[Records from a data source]
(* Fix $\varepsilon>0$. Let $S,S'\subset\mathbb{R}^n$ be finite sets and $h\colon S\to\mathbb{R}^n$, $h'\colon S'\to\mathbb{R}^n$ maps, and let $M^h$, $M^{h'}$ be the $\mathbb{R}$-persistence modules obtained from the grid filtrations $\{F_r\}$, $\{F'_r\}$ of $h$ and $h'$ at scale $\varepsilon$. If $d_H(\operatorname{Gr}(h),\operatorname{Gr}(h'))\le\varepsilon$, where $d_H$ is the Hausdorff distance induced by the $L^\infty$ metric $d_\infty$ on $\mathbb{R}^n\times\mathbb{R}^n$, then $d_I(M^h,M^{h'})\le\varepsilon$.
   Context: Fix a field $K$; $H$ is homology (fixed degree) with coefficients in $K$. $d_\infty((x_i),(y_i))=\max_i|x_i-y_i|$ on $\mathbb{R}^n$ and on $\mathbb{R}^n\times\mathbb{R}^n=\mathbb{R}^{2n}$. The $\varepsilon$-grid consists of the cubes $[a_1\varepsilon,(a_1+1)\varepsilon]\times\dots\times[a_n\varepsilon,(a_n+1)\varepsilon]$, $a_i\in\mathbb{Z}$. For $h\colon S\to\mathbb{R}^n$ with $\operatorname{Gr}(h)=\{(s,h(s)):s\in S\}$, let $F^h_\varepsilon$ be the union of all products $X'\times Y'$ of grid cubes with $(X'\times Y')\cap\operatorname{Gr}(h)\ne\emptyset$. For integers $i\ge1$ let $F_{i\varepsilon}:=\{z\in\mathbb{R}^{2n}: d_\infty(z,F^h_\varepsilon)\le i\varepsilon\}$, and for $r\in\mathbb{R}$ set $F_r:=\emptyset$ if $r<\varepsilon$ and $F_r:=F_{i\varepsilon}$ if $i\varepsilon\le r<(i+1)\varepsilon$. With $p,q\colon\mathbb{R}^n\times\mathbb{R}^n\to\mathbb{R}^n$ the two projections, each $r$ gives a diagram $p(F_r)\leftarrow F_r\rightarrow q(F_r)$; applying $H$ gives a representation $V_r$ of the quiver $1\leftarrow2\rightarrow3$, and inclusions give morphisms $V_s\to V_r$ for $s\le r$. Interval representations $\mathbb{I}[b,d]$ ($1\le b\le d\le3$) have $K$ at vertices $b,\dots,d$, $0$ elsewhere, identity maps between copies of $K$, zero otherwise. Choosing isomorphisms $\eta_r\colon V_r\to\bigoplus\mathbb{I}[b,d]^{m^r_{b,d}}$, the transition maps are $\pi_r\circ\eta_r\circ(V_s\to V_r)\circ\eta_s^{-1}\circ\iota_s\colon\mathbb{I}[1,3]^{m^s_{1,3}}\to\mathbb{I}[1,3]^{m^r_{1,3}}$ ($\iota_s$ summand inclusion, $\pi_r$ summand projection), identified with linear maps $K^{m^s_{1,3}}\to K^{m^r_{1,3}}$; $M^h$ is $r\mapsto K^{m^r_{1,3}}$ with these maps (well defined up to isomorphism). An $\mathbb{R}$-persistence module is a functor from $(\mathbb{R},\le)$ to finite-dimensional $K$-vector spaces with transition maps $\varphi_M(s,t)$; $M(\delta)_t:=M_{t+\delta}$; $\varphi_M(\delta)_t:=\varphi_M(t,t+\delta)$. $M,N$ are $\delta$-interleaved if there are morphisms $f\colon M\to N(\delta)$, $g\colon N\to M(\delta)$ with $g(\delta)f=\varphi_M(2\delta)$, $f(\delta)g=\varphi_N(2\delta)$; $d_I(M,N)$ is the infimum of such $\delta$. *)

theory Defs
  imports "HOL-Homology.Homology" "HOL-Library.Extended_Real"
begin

...

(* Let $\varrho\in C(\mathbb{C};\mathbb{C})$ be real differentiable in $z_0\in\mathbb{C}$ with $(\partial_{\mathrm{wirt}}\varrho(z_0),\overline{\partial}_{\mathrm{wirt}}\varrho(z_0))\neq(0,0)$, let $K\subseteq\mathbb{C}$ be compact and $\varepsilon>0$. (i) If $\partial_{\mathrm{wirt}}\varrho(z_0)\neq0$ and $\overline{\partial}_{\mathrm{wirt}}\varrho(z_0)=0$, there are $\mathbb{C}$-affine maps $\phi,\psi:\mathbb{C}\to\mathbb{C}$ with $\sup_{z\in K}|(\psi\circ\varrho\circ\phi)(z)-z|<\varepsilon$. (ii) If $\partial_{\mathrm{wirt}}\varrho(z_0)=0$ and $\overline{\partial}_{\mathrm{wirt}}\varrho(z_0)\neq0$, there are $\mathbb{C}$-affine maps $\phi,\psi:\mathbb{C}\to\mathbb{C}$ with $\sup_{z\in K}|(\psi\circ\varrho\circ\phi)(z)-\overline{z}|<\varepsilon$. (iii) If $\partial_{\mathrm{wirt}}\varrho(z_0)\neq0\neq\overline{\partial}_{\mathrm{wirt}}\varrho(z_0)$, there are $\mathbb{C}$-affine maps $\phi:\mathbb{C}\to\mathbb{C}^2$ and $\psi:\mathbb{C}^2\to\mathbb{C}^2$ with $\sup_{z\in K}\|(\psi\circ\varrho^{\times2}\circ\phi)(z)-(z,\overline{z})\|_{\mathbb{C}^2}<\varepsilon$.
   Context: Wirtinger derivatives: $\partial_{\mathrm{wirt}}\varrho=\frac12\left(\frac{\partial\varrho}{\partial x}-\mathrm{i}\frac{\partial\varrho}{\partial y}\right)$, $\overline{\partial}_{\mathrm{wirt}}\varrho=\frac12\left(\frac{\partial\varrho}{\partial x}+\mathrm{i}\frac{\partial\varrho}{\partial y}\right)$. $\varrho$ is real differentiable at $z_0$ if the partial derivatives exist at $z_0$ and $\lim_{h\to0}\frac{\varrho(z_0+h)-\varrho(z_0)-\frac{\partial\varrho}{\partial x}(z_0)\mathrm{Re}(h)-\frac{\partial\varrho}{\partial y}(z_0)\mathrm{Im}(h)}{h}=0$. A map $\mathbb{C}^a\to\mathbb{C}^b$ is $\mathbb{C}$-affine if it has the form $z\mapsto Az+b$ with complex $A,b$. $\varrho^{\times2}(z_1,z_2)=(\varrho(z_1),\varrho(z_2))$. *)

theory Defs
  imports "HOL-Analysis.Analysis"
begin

» Task prompt: Pick each line holding "imports" out of the entries above and return it.

» Result:
  imports "HOL-Homology.Homology" "HOL-Library.Extended_Real"
  imports "HOL-Analysis.Analysis"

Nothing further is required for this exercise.